Transformation of SEH into SEA is very rare. In the brain, however, transformation of an epidural or subdural hematoma into an abscess has been reported in the literature.[6,7] The most common causative organism of SEA is Staphylococcus aureus,[2] and SEAs due to Streptococcus pneumoniae are uncommon, with approximately 50 reported cases in the literature.[8] Pneumococcal SEA is mostly a secondary event following pneumococcal meningitis; the bacteria propagate from the cerebrospinal fluid to the epidural space after penetrating the dura.[9,10] Therefore, the mode of infection propagation in this case was different from that in the other reported cases of pneumococcal SEA.[9,10] An autopsy failed to reveal the primary focus of the pneumococcal infection, and it remains unknown how the bacteria entered into the spinal epidural space.

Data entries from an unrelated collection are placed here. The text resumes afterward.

definition left_invariant_metric :: "('a, 'b) monoid_scheme \<Rightarrow> ('a \<Rightarrow> 'a \<Rightarrow> real) \<Rightarrow> bool" where
  "left_invariant_metric G d \<longleftrightarrow>
     Metric_space (carrier G) d \<and>
     (\<forall>g\<in>carrier G. \<forall>x\<in>carrier G. \<forall>y\<in>carrier G. d (g \<otimes>\<^bsub>G\<^esub> x) (g \<otimes>\<^bsub>G\<^esub> y) = d x y)"

definition continuous_left_invariant_metric ::
    "('a, 'b) monoid_scheme \<Rightarrow> 'a topology \<Rightarrow> ('a \<Rightarrow> 'a \<Rightarrow> real) \<Rightarrow> bool" where
  "continuous_left_invariant_metric G T d \<longleftrightarrow>
     left_invariant_metric G d \<and>
     continuous_map (prod_topology T T) euclideanreal (\<lambda>(x, y). d x y)"

definition finite_diameter :: "('a \<Rightarrow> 'a \<Rightarrow> real) \<Rightarrow> 'a set \<Rightarrow> bool" where
  "finite_diameter d A \<longleftrightarrow> (\<exists>B. \<forall>x\<in>A. \<forall>y\<in>A. d x y \<le> B)"

definition coarsely_bounded :: "('a, 'b) monoid_scheme \<Rightarrow> 'a topology \<Rightarrow> 'a set \<Rightarrow> bool" where
  "coarsely_bounded G T A \<longleftrightarrow> A \<subseteq> carrier G \<and>
     (\<forall>d. continuous_left_invariant_metric G T d \<longrightarrow> finite_diameter d A)"

definition strongly_bounded :: "('a, 'b) monoid_scheme \<Rightarrow> 'a set \<Rightarrow> bool" where
  "strongly_bounded G A \<longleftrightarrow> A \<subseteq> carrier G \<and>
     (\<forall>d. left_invariant_metric G d \<longrightarrow> finite_diameter d A)"

definition locally_strongly_bounded :: "('a, 'b) monoid_scheme \<Rightarrow> 'a topology \<Rightarrow> bool" where
  "locally_strongly_bounded G T \<longleftrightarrow>
     (\<exists>U. openin T U \<and> \<one>\<^bsub>G\<^esub> \<in> U \<and> strongly_bounded G U)"

end

theory Submission
  imports Defs
begin

text \<open>
  Let d be a left-invariant metric and U an open identity neighbourhood of finite
  d-diameter. As G is metrizable, there are open identity neighbourhoods
  U = V(0) \<supseteq> V(1) \<supseteq> ... with V(n+1)^3 \<subseteq> V(n) and \<Inter>n. V(n) = {1};
  in the other direction the sequence is continued by the balls W(k) = {g. d(1,g) \<le> B 3^k},
  for which W(k)^3 \<subseteq> W(k+1) by the triangle inequality. For every such filtration L(n),
  n \<in> \<int>, the Birkhoff--Kakutani construction applies: if \<psi>(g) = 2^(-n) for the largest n
  with g \<in> L(n), splitting a word at the letter where the partial sums of \<psi> pass half the
  total gives \<psi>(x1 \<cdots> xk) \<le> 2 (\<psi>(x1) + ... + \<psi>(xk)), so the infimum N of these sums over
  all factorisations is a subadditive norm with \<psi>/2 \<le> N \<le> \<psi>, and
  \<delta>(x,y) = N(x\<inverse>y) + N(y\<inverse>x) is a left-invariant metric (level_norm, chain_norm and
  chain_dist below). It is continuous since the L(n) with n \<ge> 0 are open. So a coarsely
  bounded set A has finite \<delta>-diameter, whence A\<inverse>A \<subseteq> L(n) for some n, i.e. A\<inverse>A lies in a
  ball W(k).
\<close>

lemma int_cSup_mem:
  fixes X :: "int set"
  assumes "X \<noteq> {}" "bdd_above X"
  shows "Sup X \<in> X"
proof -
  obtain x where x: "x \<in> X" "Sup X - 1 < x"
    using less_cSup_iff[OF assms, of "Sup X - 1"] by auto
  moreover have "x \<le> Sup X"
    using cSup_upper[OF x(1) assms(2)] .
  ultimately have "x = Sup X"
    by arith
  with x(1) show ?thesis
    by simp
qed

lemma split_list_halves:
  fixes f :: "'a \<Rightarrow> real"
  assumes nonneg: "\<And>x. x \<in> set xs \<Longrightarrow> 0 \<le> f x" and "xs \<noteq> []"
  obtains as x bs where "xs = as @ x # bs"
    "sum_list (map f as) \<le> sum_list (map f xs) / 2" "sum_list (map f bs) \<le> sum_list (map f xs) / 2"
proof -
  define S where "S = sum_list (map f xs)"
  define P where "P j \<longleftrightarrow> S / 2 \<le> sum_list (map f (take (Suc j) xs))" for j
  define k where "k = (LEAST j. P j)"
  have "0 \<le> S"
    unfolding S_def by (rule sum_list_nonneg) (use nonneg in auto)
  then have "P (length xs - 1)"
    unfolding P_def S_def by simp
  then have "P k" and "k \<le> length xs - 1"
    unfolding k_def by (fact LeastI, fact Least_le)
  then have k: "k < length xs"
    using \<open>xs \<noteq> []\<close> by (cases xs) auto
  have "sum_list (map f (take k xs)) \<le> S / 2"
  proof (cases k)
    case 0
    then show ?thesis
      using \<open>0 \<le> S\<close> by simp
  next
    case (Suc j)
    then have "\<not> P j"
      unfolding k_def by (intro not_less_Least) simp
    then show ?thesis
      using Suc unfolding P_def by simp
  qed
  moreover have "sum_list (map f (drop (Suc k) xs)) \<le> S / 2"
    using \<open>P k\<close> sum_list_append[of "map f (take (Suc k) xs)" "map f (drop (Suc k) xs)"]
    unfolding P_def S_def by (simp flip: map_append)
  moreover have "xs = take k xs @ xs ! k # drop (Suc k) xs"
    using k by (simp add: id_take_nth_drop)
  ultimately show ?thesis
    using that unfolding S_def by blast
qed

Spinal epidural hematoma and SEA may differ radiographically in that the former exhibits an iso-to hyper-intense signal, whereas the latter exhibits an iso-to hypo-intense signal on T1WI.[11] However, there may be substantial overlap because the signal intensities of SEH are influenced by age and biochemical evolution of the hematoma, and initial mix-ups between these diseases have been reported.[12,13] The addition of diffusion-weighted image (DWI) and/or gadolinium-enhanced T1WI to the routine spinal MRI sequences may allow early detection of SEA.[14,15] In the majority of noniatrogenic SEA cases, inflammation spreads from the adjacent spondylodiskitis[1,2,3] therefore, an abscess is usually located in the anterior half of the spinal canal. This case is unique in that an abscess developed in the posterior half of the spinal canal without involvement of the vertebral body or disk, which also suggests the development of SEA from preceding SEH.[3,5] The radiographic (i.e. MRI) differences to facilitate differentiation between SEH and SEA are summarized in Table 1.[1,2,3,11,14,15,16,17]

Table 1.

Radiographic differences between spinal epidural hematoma and epidural abscess[1,2,3,11,14,15,16,17]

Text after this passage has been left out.